── Information provided ──

lemma totient_sum_inj_prod_prime_powers:
  fixes s :: nat and p J :: "nat \<Rightarrow> nat"
  assumes odd: "odd (\<Prod>i=1..s. p i ^ J i)"
    and prime: "\<forall>i\<in>{1..s}. prime (p i)"
    and inj: "inj_on p {1..s}"
    and J: "\<forall>i\<in>{1..s}. J i \<ge> 1"
    and growth: "\<forall>r\<in>{1..s-1}. (\<Prod>i=1..r. p i ^ J i) < p (r + 1)"
  shows "totient_sum_inj (\<Prod>i=1..s. p i ^ J i)"
proof -
  have odd_factor: "odd (p i ^ J i)" if "i \<in> {1..s}" for i
    using odd that by (simp add: even_prod_iff)
  have "totient_sum_inj (\<Prod>i=1..r. p i ^ J i)" if "r \<le> s" for r
    using that
  proof (induction r)
    case 0
    then show ?case using totient_sum_inj_1 by simp
  next
    case (Suc r)
    define N where "N = (\<Prod>i=1..r. p i ^ J i)"
    define q where "q = p (Suc r)"
    have r: "Suc r \<in> {1..s}" using Suc.prems by simp
    have q: "prime q" using prime r unfolding q_def by blast
    have N_pos: "N > 0" unfolding N_def using prime Suc.prems by (auto intro!: prod_pos prime_gt_0_nat)
    have other_primes: "\<forall>i\<in>{1..r}. prime (p i) \<and> p i \<noteq> q"
    proof
      fix i assume i: "i \<in> {1..r}"
      then have "p i \<noteq> p (Suc r)" using inj_onD[OF inj _ _ r] Suc.prems by fastforce
      then show "prime (p i) \<and> p i \<noteq> q" using prime i Suc.prems unfolding q_def by auto
    qed
    have not_dvd: "\<not> q dvd N" unfolding N_def
      by (rule prime_not_dvd_prod_prime_powers[OF q finite_atLeastAtMost other_primes])
    have "odd N" unfolding N_def using odd_factor Suc.prems by (simp add: even_prod_iff)
    have "J (Suc r) \<ge> 1" using J r by blast
    then have "odd q" using odd_factor[OF r] by (simp add: q_def even_power)
    have "N < q"
    proof (cases "r = 0")
      case True
      then show ?thesis unfolding N_def using prime_gt_1_nat[OF q] by simp
    next
      case False
      then show ?thesis using growth Suc.prems unfolding N_def q_def by auto
    qed
    then have "N + 2 \<le> q" using \<open>odd N\<close> \<open>odd q\<close> by presburger
    have "(\<Prod>i=1..Suc r. p i ^ J i) = N * q ^ J (Suc r)"
      unfolding N_def q_def by (simp add: prod.nat_ivl_Suc')
    moreover have "totient_sum_inj N" unfolding N_def using Suc by simp
    ultimately show ?case
      using totient_sum_inj_mult_prime_power[OF q not_dvd N_pos \<open>N + 2 \<le> q\<close>] by simp
  qed
  then show ?thesis by simp
qed
definition in_ball_test :: "nat \<Rightarrow> nat \<Rightarrow> nat \<Rightarrow> nat" where
  "in_ball_test n e a =
    (let c = fst (prod_decode a); r = snd (prod_decode a); v = fst (prod_decode e)
     in if rat_sign r = 0 then
          (if sq_dist_num n c v * (rat_den r * rat_den r) < rat_num r * rat_num r * den_prod n c v
           then 0 else 1)
        else 1)"

lemma primrec_fn_in_ball_test[intro]:
  assumes "primrec_fn g" "primrec_fn h"
  shows "primrec_fn (\<lambda>xs. in_ball_test n (g xs) (h xs))"
  unfolding in_ball_test_def sq_dist_num_def den_prod_def den_prod_except_def coord_dist_num_def
    coord_dist_den_def rat_dist_num_def rat_dist_den_def rat_sign_def rat_num_def rat_den_def Let_def
  by (rule primrec_fn_comp2[OF _ assms]) (intro primrec_fn_intros)

lemma sum_sq_frac_less_iff:
  fixes A B :: "nat \<Rightarrow> nat" and p d n :: nat
  assumes B: "\<And>j. B j > 0" and d: "d > 0"
  shows "(\<Sum>j<n. (real (A j) / real (B j))^2) < (real p / real d)^2 \<longleftrightarrow>
    (\<Sum>j<n. A j * A j * (\<Prod>k<n. if k = j then 1 else B k * B k)) * (d * d)
      < p * p * (\<Prod>k<n. B k * B k)"
proof -
  define P where "P = (\<Prod>k<n. B k * B k)"
  define Q where "Q j = (\<Prod>k<n. if k = j then 1 else B k * B k)" for j
  have Ppos: "real P > 0" unfolding P_def using B by (simp add: prod_pos)
  have QP: "Q j * (B j * B j) = P" if "j < n" for j
  proof -
    have "(\<Prod>k<n. B k * B k) = (B j * B j) * (\<Prod>k\<in>{..<n} - {j}. B k * B k)"
      using that by (subst prod.remove[of _ j]) auto
    moreover have "(\<Prod>k<n. (if k = j then 1 else B k * B k)) = (\<Prod>k\<in>{..<n} - {j}. B k * B k)"
      using that by (subst prod.remove[of _ j]) (auto intro!: prod.cong)
    ultimately show ?thesis unfolding P_def Q_def by simp
  qed
  have "(real (A j) / real (B j))^2 = real (A j * A j * Q j) / real P" if "j < n" for j
  proof -
    have "real P = real (Q j) * real (B j) * real (B j)"
      using QP[OF that] by (metis of_nat_mult mult.assoc)
    moreover have "Q j \<noteq> 0" using QP[OF that] Ppos by auto
    ultimately show ?thesis using B[of j] by (simp add: field_simps power2_eq_square)
  qed
  then have "(\<Sum>j<n. (real (A j) / real (B j))^2) = real (\<Sum>j<n. A j * A j * Q j) / real P"
    by (simp add: sum_divide_distrib)
  moreover have "real (\<Sum>j<n. A j * A j * Q j) / real P < (real p / real d)^2 \<longleftrightarrow>
      real ((\<Sum>j<n. A j * A j * Q j) * (d * d)) < real (p * p * P)"
    using Ppos d by (simp add: field_simps power2_eq_square)
  ultimately show ?thesis unfolding P_def Q_def of_nat_less_iff by simp
qed

definition center :: "nat \<Rightarrow> real ^ 'n::finite" where
  "center e = (\<chi> i. rat_of_code (arg (list_decode (fst (prod_decode e))) (coord_idx i)))"

definition radius :: "nat \<Rightarrow> real" where
  "radius a = rat_of_code (snd (prod_decode a))"

lemma beta_eq: "beta a = ball (center a) (radius a)"
  unfolding beta_def center_def radius_def by (simp split: prod.split)

lemma bij_coord_idx: "bij_betw (coord_idx :: 'n::finite \<Rightarrow> nat) UNIV {..<CARD('n)}"
proof -
  have "\<exists>f. bij_betw f (UNIV :: 'n set) {..<CARD('n)}"
    by (rule finite_same_card_bij) auto
  then show ?thesis unfolding coord_idx_def by (rule someI_ex)
qed
lemma eventually_powr_succ_lt_powr_square:
  fixes a e :: real
  assumes "a > 0" "e > 0"
  shows "eventually (\<lambda>q. a * (real q + 1) powr e < (real q * real q) powr e) sequentially"
proof -
  define K where "K = (a + 1) powr (1 / e)"
  have "K > 0" using \<open>a > 0\<close> by (simp add: K_def)
  have "eventually (\<lambda>q. real q \<ge> max 1 (2 * K)) sequentially"
    using filterlim_real_sequentially unfolding filterlim_at_top by (rule spec)
  then show ?thesis
  proof (rule eventually_mono)
    fix q
    assume q: "real q \<ge> max 1 (2 * K)"
    have "(real q + 1) * K \<le> (2 * real q) * K"
      using q \<open>K > 0\<close> by (intro mult_right_mono) auto
    also have "\<dots> \<le> real q * real q"
      using q by (simp add: mult.assoc mult_left_mono)
    finally have "(real q + 1) * K \<le> real q * real q" .
    have "a * (real q + 1) powr e < (real q + 1) powr e * (a + 1)"
      by (simp add: algebra_simps)
    also have "\<dots> = ((real q + 1) * K) powr e"
      using \<open>K > 0\<close> \<open>a > 0\<close> \<open>e > 0\<close> by (simp add: K_def powr_mult powr_powr)
    also have "\<dots> \<le> (real q * real q) powr e"
      using \<open>(real q + 1) * K \<le> real q * real q\<close> \<open>K > 0\<close> \<open>e > 0\<close>
      by (intro powr_mono2) auto
    finally show "a * (real q + 1) powr e < (real q * real q) powr e" .
  qed
qed

lemma not_cond_dc_if_frequently_exp_square:
  assumes pos: "\<And>p. M p > 0" and big: "\<And>N. \<exists>q\<ge>N. exp (real q ^ 2) \<le> quot_seq M q"
  shows "\<not> cond_dc M"
proof
  assume "cond_dc M"
  then obtain C H where "C > 0" "H > 1" and bound: "\<And>p. quot_seq M p \<le> C * H ^ (p + 1)"
    unfolding cond_dc_iff_quot_seq[OF pos] by blast
  obtain N where N: "\<And>p. p \<ge> N \<Longrightarrow> C * H ^ (p + 1) < exp (real p ^ 2)"
    using eventually_geometric_lt_exp_square[OF \<open>C > 0\<close> \<open>H > 1\<close>]
    unfolding eventually_sequentially by blast
  obtain q where "q \<ge> N" "exp (real q ^ 2) \<le> quot_seq M q"
    using big by blast
  with N[of q] bound[of q] show False by simp
qed

lemma mono_imp_almost_increasing: "mono c \<Longrightarrow> almost_increasing c"
  unfolding almost_increasing_def by (intro exI[of _ 1]) (auto simp: monoD)

lemma gamma_index_eqI:
  assumes "\<beta> \<ge> 0"
    and "\<And>\<mu>. 0 < \<mu> \<Longrightarrow> \<mu> \<le> \<beta> \<Longrightarrow>
           almost_increasing (\<lambda>p. quot_seq M p / real (p + 1) powr \<mu>)"
    and "\<And>\<mu>. \<beta> < \<mu> \<Longrightarrow> \<not> almost_increasing (\<lambda>p. quot_seq M p / real (p + 1) powr \<mu>)"
  shows "gamma_index M = ereal \<beta>"
  unfolding gamma_index_def
proof (rule Sup_eqI)
  fix y
  assume "y \<in> insert 0 (ereal ` {\<mu>. \<mu> > 0 \<and>
            almost_increasing (\<lambda>p. quot_seq M p / real (p + 1) powr \<mu>)})"
  then show "y \<le> ereal \<beta>" using assms(1,3) by (auto simp: not_less[symmetric])
next
  fix y
  assume upper: "\<And>z. z \<in> insert 0 (ereal ` {\<mu>. \<mu> > 0 \<and>
            almost_increasing (\<lambda>p. quot_seq M p / real (p + 1) powr \<mu>)}) \<Longrightarrow> z \<le> y"
  show "ereal \<beta> \<le> y"
  proof (cases "\<beta> = 0")
    case True
    then show ?thesis using upper[of 0] by (simp add: zero_ereal_def)
  next
    case False
    then show ?thesis using upper[of "ereal \<beta>"] assms(1,2) by auto
  qed
qed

───

Look above and return each line of the records exactly, from the very first through the line with "proof (induction r)", both included.

lemma totient_sum_inj_prod_prime_powers:
  fixes s :: nat and p J :: "nat \<Rightarrow> nat"
  assumes odd: "odd (\<Prod>i=1..s. p i ^ J i)"
    and prime: "\<forall>i\<in>{1..s}. prime (p i)"
    and inj: "inj_on p {1..s}"
    and J: "\<forall>i\<in>{1..s}. J i \<ge> 1"
    and growth: "\<forall>r\<in>{1..s-1}. (\<Prod>i=1..r. p i ^ J i) < p (r + 1)"
  shows "totient_sum_inj (\<Prod>i=1..s. p i ^ J i)"
proof -
  have odd_factor: "odd (p i ^ J i)" if "i \<in> {1..s}" for i
    using odd that by (simp add: even_prod_iff)
  have "totient_sum_inj (\<Prod>i=1..r. p i ^ J i)" if "r \<le> s" for r
    using that
  proof (induction r)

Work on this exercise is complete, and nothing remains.